Show and Tell Issues raised

Copyright

  • what is specifically copyright: a bookmark? a tag? a collection of bookmarks?
  • who owns the copyright? del.icio.us or the bookmarker or no one?

Communicating with the users of del.icio.us

  • should we tell them even though the del.icio.us has an public bookmarks and open API system?
  • would identifying key users open the system up for abuse and distort the results?

Does this threaten the work that the employed IOs do here?

  • [Response:no - EDITH is designed to provide the IOs with better tools which better utilise their expertise and really add value to the discovered resources.]
  • Invite IOs to attend POC2 meeting for their view of the EDITH project.

Vision

A point was raised whether ‘Users’ is right word in the vision. ‘Community’ was suggested as an alternative.

Are we really doing with ‘user engagement’. The approach is not engaging with users and the foreseeable
development path has a limited engagement (one way). Revisit next week.

Note to readers (you): we really would welcome your thoughts on this issue.

Process - worked well

Having POC1 being rolled into a real MyEdna project has given credibility to the POC process and some momentum. It is not as difficult to ’sell’ the idea that someone is doing work on the proof of concept.

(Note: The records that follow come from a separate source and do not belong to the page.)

lemma hmarg_le_max_mult_norm:
  assumes fin: "finite P" "finite Q" "P \<noteq> {}" "Q \<noteq> {}"
    and max: "\<And>v \<beta>. norm v \<le> 1 \<Longrightarrow> hmarg v \<beta> P Q \<le> H"
  shows "hmarg w b P Q \<le> H * norm w"
proof (cases "w = 0")
  case True
  obtain p n where "p \<in> P" "n \<in> Q" using fin by blast
  then show ?thesis
    using True hmarg_le_pos[OF fin(1,2) \<open>p \<in> P\<close> fin(4), of 0 b]
      hmarg_le_neg[OF fin(1,2) \<open>n \<in> Q\<close> fin(3), of 0 b]
    by simp
next
  case False
  then have "0 < norm w" by simp
  have "(1 / norm w) * hmarg w b P Q \<le> hmarg ((1 / norm w) *\<^sub>R w) ((1 / norm w) * b) P Q"
    by (rule hmarg_scaleR[OF fin]) simp
  also have "\<dots> \<le> H" using \<open>0 < norm w\<close> by (intro max) simp
  finally show ?thesis using \<open>0 < norm w\<close> by (simp add: field_simps)
qed

text \<open>Otherwise a step of length \<open>s\<close> from the maximiser in direction \<open>u\<close> would raise the
  margin by \<open>s d\<close> while increasing the norm only to second order in \<open>s\<close>.\<close>

lemma hmarg_argmax_inner_pos:
  assumes fin: "finite P" "finite Q" "P \<noteq> {}" "Q \<noteq> {}"
    and u: "norm u = 1" "0 < d" "d \<le> hmarg u \<beta> P Q"
    and y: "norm y \<le> 1" "\<And>v \<beta>'. norm v \<le> 1 \<Longrightarrow> hmarg v \<beta>' P Q \<le> hmarg y b P Q"
  shows "0 < u \<bullet> y"
proof (rule ccontr)
  assume "\<not> 0 < u \<bullet> y"
  define H where "H = hmarg y b P Q"
  have "d \<le> H" using u y(2)[of u \<beta>] unfolding H_def by linarith
  define s where "s = d / H"
  have "0 < H" "0 < s" "H * s = d" using \<open>d \<le> H\<close> u(2) by (auto simp: s_def)
  have "s * d \<le> s * hmarg u \<beta> P Q" using u(3) \<open>0 < s\<close> by simp
  also have "\<dots> \<le> hmarg (s *\<^sub>R u) (s * \<beta>) P Q" using \<open>0 < s\<close> by (intro hmarg_scaleR[OF fin]) simp
  finally have "H + s * d \<le> hmarg y b P Q + hmarg (s *\<^sub>R u) (s * \<beta>) P Q"
    unfolding H_def by simp
  also have "\<dots> \<le> hmarg (y + s *\<^sub>R u) (b + s * \<beta>) P Q" by (rule hmarg_add[OF fin])
  also have "\<dots> \<le> H * norm (y + s *\<^sub>R u)"
    using y(2) unfolding H_def by (rule hmarg_le_max_mult_norm[OF fin])
  finally have "(H + s * d)\<^sup>2 \<le> H\<^sup>2 * (norm (y + s *\<^sub>R u))\<^sup>2"
    using \<open>0 < H\<close> \<open>0 < s\<close> u(2) by (metis power_mono power_mult_distrib add_nonneg_nonneg
      less_imp_le mult_nonneg_nonneg)
  moreover have "(norm (y + s *\<^sub>R u))\<^sup>2 \<le> 1 + s\<^sup>2"
  proof -
    have "(norm (y + s *\<^sub>R u))\<^sup>2 = (norm y)\<^sup>2 + 2 * s * (u \<bullet> y) + s\<^sup>2"
      using u(1) unfolding power2_norm_eq_inner
      by (simp add: norm_eq_1 inner_add_left inner_add_right inner_commute power2_eq_square algebra_simps)
    moreover have "(norm y)\<^sup>2 \<le> 1" using y(1) by (simp add: power_le_one)
    moreover have "s * (u \<bullet> y) \<le> 0" using \<open>0 < s\<close> \<open>\<not> 0 < u \<bullet> y\<close> by (simp add: mult_nonneg_nonpos)
    ultimately show ?thesis by linarith
  qed
  ultimately have "(H + s * d)\<^sup>2 \<le> H\<^sup>2 * (1 + s\<^sup>2)"
    by (meson mult_left_mono order_trans zero_le_power2)
  moreover have "(H + s * d)\<^sup>2 = H\<^sup>2 + 2 * (H * s) * d + (s * d)\<^sup>2"
    and "H\<^sup>2 * (1 + s\<^sup>2) = H\<^sup>2 + (H * s)\<^sup>2"
    by (simp_all add: power2_eq_square algebra_simps)
  ultimately have "d\<^sup>2 + (s * d)\<^sup>2 \<le> 0"
    unfolding \<open>H * s = d\<close> by (simp add: power2_eq_square)
  moreover have "0 < d\<^sup>2" "0 \<le> (s * d)\<^sup>2" using u(2) by simp_all
  ultimately show False by linarith
qed

section \<open>Projection onto the unit ball\<close>

lemma closest_point_unit_cball:
  fixes x :: "'a::euclidean_space"
  shows "closest_point (cball 0 1) x = (if norm x \<le> 1 then x else x /\<^sub>R norm x)"
proof (cases "norm x \<le> 1")
  case True
  then show ?thesis by (simp add: closest_point_self)
next
  case False
  then have nx: "1 < norm x" by simp
  then have "norm x \<noteq> 0" by linarith
  have "x /\<^sub>R norm x = closest_point (cball 0 1) x"
  proof (rule closest_point_unique)
    show "x /\<^sub>R norm x \<in> cball 0 1" using \<open>norm x \<noteq> 0\<close> by simp
    show "\<forall>w\<in>cball 0 1. dist x (x /\<^sub>R norm x) \<le> dist x w"
    proof
      fix w :: 'a assume "w \<in> cball 0 1"
      have "x - x /\<^sub>R norm x = (1 - 1 / norm x) *\<^sub>R x" by (simp add: algebra_simps divide_inverse)
      moreover have "0 \<le> 1 - 1 / norm x" using nx by (simp add: divide_le_eq)
      ultimately have "dist x (x /\<^sub>R norm x) = (1 - 1 / norm x) * norm x"
        by (simp add: dist_norm)
      also have "\<dots> = norm x - 1" using \<open>norm x \<noteq> 0\<close> by (simp add: field_simps)
      also have "\<dots> \<le> norm x - norm w" using \<open>w \<in> cball 0 1\<close> by simp
      also have "\<dots> \<le> dist x w" by (simp add: dist_norm norm_triangle_ineq2)
      finally show "dist x (x /\<^sub>R norm x) \<le> dist x w" .
    qed
  qed auto
  then show ?thesis using False by simp
qed

lemma norm_closest_point_unit_cball: "norm (closest_point (cball 0 1) (x::'a::euclidean_space)) \<le> 1"
  using closest_point_in_set[of "cball (0::'a) 1" x] by simp

lemma inner_closest_point_unit_cball_pos:
  fixes x u :: "'a::euclidean_space"
  assumes "0 < u \<bullet> x"
  shows "0 < u \<bullet> closest_point (cball 0 1) x"
  using assms by (auto simp: closest_point_unit_cball intro!: mult_pos_pos)

lemma projected_step_bound:
  fixes z g w :: "'a::euclidean_space"
  assumes "norm w \<le> 1"
  shows "2 * \<gamma> * (g \<bullet> w - g \<bullet> z) - \<gamma>\<^sup>2 * (norm g)\<^sup>2
    \<le> (norm (z - w))\<^sup>2 - (norm (closest_point (cball 0 1) (z + \<gamma> *\<^sub>R g) - w))\<^sup>2"
proof -
  define p where "p = closest_point (cball 0 1) (z + \<gamma> *\<^sub>R g)"
  have "dist p (closest_point (cball 0 1) w) \<le> dist (z + \<gamma> *\<^sub>R g) w"
    unfolding p_def by (rule closest_point_lipschitz) auto
  then have "norm (p - w) \<le> norm ((z - w) + \<gamma> *\<^sub>R g)"
    using assms by (simp add: closest_point_self dist_norm algebra_simps)
  then have "(norm (p - w))\<^sup>2 \<le> (norm ((z - w) + \<gamma> *\<^sub>R g))\<^sup>2"
    by (rule power_mono) simp
  moreover have "(norm ((z - w) + \<gamma> *\<^sub>R g))\<^sup>2
      = (norm (z - w))\<^sup>2 + 2 * \<gamma> * (g \<bullet> z - g \<bullet> w) + \<gamma>\<^sup>2 * (norm g)\<^sup>2"
    unfolding power2_norm_eq_inner
    by (simp add: inner_add_left inner_add_right inner_diff_left inner_diff_right inner_commute
        power2_eq_square algebra_simps)
  moreover have "2 * \<gamma> * (g \<bullet> w - g \<bullet> z) = - (2 * \<gamma> * (g \<bullet> z - g \<bullet> w))"
    by (simp add: algebra_simps)
  ultimately show ?thesis unfolding p_def[symmetric] by linarith
qed

lemma projected_ascent_regret:
  fixes z g :: "nat \<Rightarrow> 'a::euclidean_space"
  assumes step: "\<And>t. 1 \<le> t \<Longrightarrow> z (Suc t) = closest_point (cball 0 1) (z t + \<gamma> t *\<^sub>R g t)"
    and bound: "\<And>t. 1 \<le> t \<Longrightarrow> norm (g t) \<le> G" and "norm w \<le> 1"
  shows "(\<Sum>t=1..T. 2 * \<gamma> t * (g t \<bullet> w - g t \<bullet> z t) - (\<gamma> t)\<^sup>2 * G\<^sup>2)
    \<le> (norm (z 1 - w))\<^sup>2 - (norm (z (Suc T) - w))\<^sup>2"
proof (induction T)
  case (Suc T)
  have "(norm (g (Suc T)))\<^sup>2 \<le> G\<^sup>2" using bound[of "Suc T"] by (simp add: power_mono)
  then have "(\<gamma> (Suc T))\<^sup>2 * (norm (g (Suc T)))\<^sup>2 \<le> (\<gamma> (Suc T))\<^sup>2 * G\<^sup>2"
    by (simp add: mult_left_mono)
  then show ?case
    using Suc.IH projected_step_bound[OF \<open>norm w \<le> 1\<close>, of \<open>\<gamma> (Suc T)\<close> "g (Suc T)" "z (Suc T)"]
      step[of "Suc T"] by simp
qed simp
lemma trace3_power_q:
  fixes x :: "'a::{field,finite}"
  assumes "card (UNIV :: 'a set) = q ^ 3" "prime CHAR('a)" "q = CHAR('a) ^ k"
  shows "trace3 q x ^ q = trace3 q x"
proof -
  have "x ^ q ^ 3 = x"
    using power_card_eq_self[of x] assms(1) by simp
  moreover have "trace3 q x ^ q = x ^ q ^ 3 + x ^ q\<^sup>2 + x ^ q"
    by (simp add: trace3_def freshmans_dream'[OF assms(2,3)] power2_eq_square power3_eq_cube
        flip: power_mult)
  ultimately show ?thesis
    by (simp add: trace3_def algebra_simps)
qed

lemma Gamma_set_nontrivial:
  assumes "card (UNIV :: 'a::{field,finite} set) = q ^ 3"
    and "prime CHAR('a)" "q = CHAR('a) ^ k" "k > 0"
  shows "\<exists>x::'a. x \<in> Gamma_set q \<and> x \<noteq> 0"
proof -
  have "q > 1"
    using CHAR_power_gt_1[OF assms(2-4)] .
  \<comment> \<open>\<open>trace3 q\<close> is additive with values in \<open>{y. y ^ q = y}\<close>, a set of at most \<open>q\<close> elements.\<close>
  have "(q - 1) * (q\<^sup>2 + q + 1) = card (UNIV :: 'a set) - 1"
    using assms(1) power3_minus_1_nat by simp
  hence "card {y::'a. y ^ (q - 1) = 1} = q - 1"
    using card_nth_roots by (metis power_one)
  moreover have "range (trace3 q) \<subseteq> insert 0 {y::'a. y ^ (q - 1) = 1}"
    using trace3_power_q[OF assms(1-3)] \<open>q > 1\<close> by (auto simp: power_eq_if[of _ q])
  ultimately have "card (range (trace3 q :: 'a \<Rightarrow> 'a)) \<le> q"
    using card_mono[of "insert 0 {y::'a. y ^ (q - 1) = 1}" "range (trace3 q)"] \<open>q > 1\<close>
    by (simp add: card_insert_if split: if_splits)
  moreover have "q < card (UNIV :: 'a set)"
    using power_strict_increasing[of 1 3 q] assms(1) \<open>q > 1\<close> by simp
  ultimately have "\<not> inj (trace3 q :: 'a \<Rightarrow> 'a)"
    using card_image[of "trace3 q" "UNIV :: 'a set"] by auto
  then obtain x y :: 'a where "x \<noteq> y" "trace3 q x = trace3 q y"
    by (auto simp: inj_def)
  hence "x - y \<in> Gamma_set q" "x - y \<noteq> 0"
    using trace3_diff[OF assms(2,3), of x y] by (simp_all add: Gamma_set_def trace3_def)
  thus ?thesis
    by blast
qed
lemma zadd_assoc: "zadd l (zadd l x y) z = zadd l x (zadd l y z)"
  by (simp add: zadd_def fun_eq_iff mod_simps add.assoc)

lemma zadd_commute: "zadd l x y = zadd l y x"
  by (simp add: zadd_def add.commute)

lemma zadd_left_commute: "zadd l x (zadd l y z) = zadd l y (zadd l x z)"
  by (simp add: zadd_def fun_eq_iff mod_simps add.left_commute)

lemma zmul_assoc: "zmul l (zmul l x y) z = zmul l x (zmul l y z)"
  by (simp add: zmul_def fun_eq_iff mod_simps mult.assoc)

lemma zmul_zadd_distrib: "zmul l (zadd l x y) z = zadd l (zmul l x z) (zmul l y z)"
  by (simp add: zmul_def zadd_def fun_eq_iff mod_simps distrib_right)

lemma zmul_zadd_distrib2: "zmul l x (zadd l y z) = zadd l (zmul l x y) (zmul l x z)"
  by (simp add: zmul_def zadd_def fun_eq_iff mod_simps distrib_left)

lemma mmul_assoc: "mmul l (mmul l M N) P = mmul l M (mmul l N P)"
  by (cases M; cases N; cases P)
    (simp add: mmul_def zmul_assoc zmul_zadd_distrib zmul_zadd_distrib2
      zadd_assoc zadd_commute zadd_left_commute)

lemma mmul_mid_left: "M \<in> Mat2 l \<Longrightarrow> mmul l (mid l) M = M"
  by (cases M) (auto simp: mmul_def zadd_def zmul_def fun_eq_iff mid_def zconst_def Mat2_def,
      simp_all add: mod_simps Zl_mod_self)

lemma mmul_mid_right: "M \<in> Mat2 l \<Longrightarrow> mmul l M (mid l) = M"
  by (cases M) (auto simp: mmul_def zadd_def zmul_def fun_eq_iff mid_def zconst_def Mat2_def,
      simp_all add: mod_simps Zl_mod_self)

definition Mat2mon :: "nat \<Rightarrow> mat2 monoid" where
  "Mat2mon l = \<lparr>carrier = Mat2 l, monoid.mult = mmul l, one = mid l\<rparr>"

lemma monoid_Mat2mon: "l > 0 \<Longrightarrow> monoid (Mat2mon l)"
  by unfold_locales
    (auto simp: Mat2mon_def mmul_Mat2 mid_Mat2 mmul_assoc mmul_mid_left mmul_mid_right)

  • Using Yahoo! Pipes as a demonstrator to validate general principles was very very instructive for prototyping EDITH.
  • Benefit of being flexible, providing the extra development week was very successful
  • Collection Mgt is processing time intensive – this directly impacts on development time.

What we did

The real results impressed people. The raw list of users and links provided many interesting and useful results. Nick’s analysis of the results also revealed. which people at the presentation recognised some.

What we could do for next time

  • Look at dedicated POC kit for processing - maybe an old computer.

Deliberately getting it wrong

Getting it wrong deliberatelyI have become a fan of getting it wrong. Deliberately.

Ultimately it saves me a lot of time.

To explain: currently we are modelling how education.au intranet could be structured. All my preparations for this - content management, portal home page, security model mock-ups have been put up with the proviso that it’s probably totally wrong (requires only a pinch of courage).

What I find out quickly:

  1. People actually state their opinion on what’s been presented
  2. What’s wrong with it
  3. What people want
  4. What the big picture really should be

Informed by this, I can then model what’s really needed and then go do it.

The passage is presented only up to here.